Maybe what you needed in your life was a boulder...
something big and deliberate,
jutting into the oceans of your
rage         pain            terror
able to stand, sure and strong as you crashed
and crashed
and crashed against it,
catching you and holding you in
as you try, violently and in vain, to escape your own confines. 

But all I ever was was a simple grain of sand
fluttered and trembled and shaken
with every stiff breeze,
and left to whirl and churn
in the stygian waters with you
not knowing how to leave
not knowing how to calm the fury
only knowing that I will stay in this watery hell with this squall
until it is over
because I have no choice....you envelope me and make me part of you
and until you rest peacefully, I won't be able to either. 
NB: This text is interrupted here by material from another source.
(* Let $n\ge1$. Let $(\mu_b)_{0\ne b\in\mathbb N^p,\ \mathrm{ht}(\underline b)<n}$ be a family of elements of $k$ and $(u^b)_{0\ne b\in\mathbb N^p,\ \mathrm{ht}(\underline b)<n}$ a family of elements of $k[\Gamma]$ such that for all such $b$ $$u^b=\mu_b(1-h^b)+\sum_{d,e\ne0,\ \underline d+\underline e=\underline b}t^b_{d,e}\mu_du^e,\qquad \Delta(u^b)=h^b\otimes u^b+u^b\otimes1+\sum_{d,e\ne0,\ \underline d+\underline e=\underline b}t^b_{d,e}u^dh^e\otimes u^e.$$ Let $a\in\mathbb N^p$ with $\mathrm{ht}(\underline a)=n$ and $u^a\in k[\Gamma]$. Then the following are equivalent: (i) $u^a=\mu_a(1-h^a)+\sum_{b,c\ne0,\ \underline b+\underline c=\underline a}t^a_{b,c}\mu_bu^c$ for some $\mu_a\in k$; (ii) $\Delta(u^a)=h^a\otimes u^a+u^a\otimes1+\sum_{b,c\ne0,\ \underline b+\underline c=\underline a}t^a_{b,c}u^bh^c\otimes u^c$.
   Context: $k$ algebraically closed of characteristic $0$. $\mathcal D=\mathcal D(\Gamma,(g_i),(\chi_i),(a_{ij}))$ is a connected datum of finite Cartan type (i.e. $g_i\in\Gamma$, $\chi_i$ characters of the finite abelian group $\Gamma$, $(a_{ij})$ a connected Cartan matrix of finite type, $q_{ij}=\chi_j(g_i)$, $q_{ij}q_{ji}=q_{ii}^{a_{ij}}$, $q_{ii}\ne1$) such that each $q_{ii}$ has odd order, prime to 3 in type $G_2$; $N$ is the common order of the $q_{ii}$. $\Phi^+=\{\beta_1,\dots,\beta_p\}$ is the set of positive roots in the convex order given by a fixed reduced expression of the longest Weyl group element; for $\alpha=\sum n_i\alpha_i$, $g_\alpha=\prod g_i^{n_i}$, $\chi_\alpha=\prod\chi_i^{n_i}$, $\mathrm{ht}(\alpha)=\sum n_i$. $R(\mathcal D)$ is the tensor algebra $k\langle x_1,\dots,x_\theta\rangle$ (braided Hopf algebra in Yetter–Drinfeld modules over $\Gamma$, $x_i$ primitive of $\Gamma$-degree $g_i$ and weight $\chi_i$, braiding $c(x\otimes y)=\chi_\beta(g_\alpha)y\otimes x$ for $x,y$ of $\mathbb Z^\theta$-degrees $\alpha,\beta$) modulo the quantum Serre relations $\mathrm{ad}_c(x_i)^{1-a_{ij}}(x_j)$, $i\ne j$; $x_{\beta_l}$ are the root vectors (the iterated braided commutators corresponding to Lusztig's PBW root vectors). Put $z_l=x_{\beta_l}^N$, $h_l=g_{\beta_l}^N$, and for $a\in\mathbb N^p$: $z^a=z_1^{a_1}\cdots z_p^{a_p}$, $h^a=h_1^{a_1}\cdots h_p^{a_p}$, $\underline a=\sum a_l\beta_l\in\mathbb Z^\theta$. The subalgebra $K(\mathcal D)$ generated by the $z_l$ is a braided Hopf subalgebra with basis $(z^a)_{a\in\mathbb N^p}$, and $t^a_{b,c}\in k$ ($0\ne b,c$) are the unique scalars with $\Delta_{K(\mathcal D)}(z^a)=z^a\otimes1+1\otimes z^a+\sum_{b,c\ne0,\underline b+\underline c=\underline a}t^a_{b,c}z^b\otimes z^c$. $\Delta$ in the claim is the comultiplication of the group algebra $k[\Gamma]$. *)

theory Defs
  imports Main
begin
Perhaps what you need is a rainstorm
gentle and quiet
able to keep the flames from scorching everything in their path
as they roar through your mind
slash and burn through every sane thought, every calm dream
every bit of peace...
something to quell the rampant inferno
and reduce it to muted, soft gray ash 

And I'm afraid that all I ever was
was dry leaves and kindling
flying at you in a stiff wind
urgently trying to blow out your wrath
but winding up igniting myself and inciting your fireworks
too passionate in my hope to subdue, really only able to subsume
until we're both consumed
with no hope of escape until the many fuels, and we, are spent.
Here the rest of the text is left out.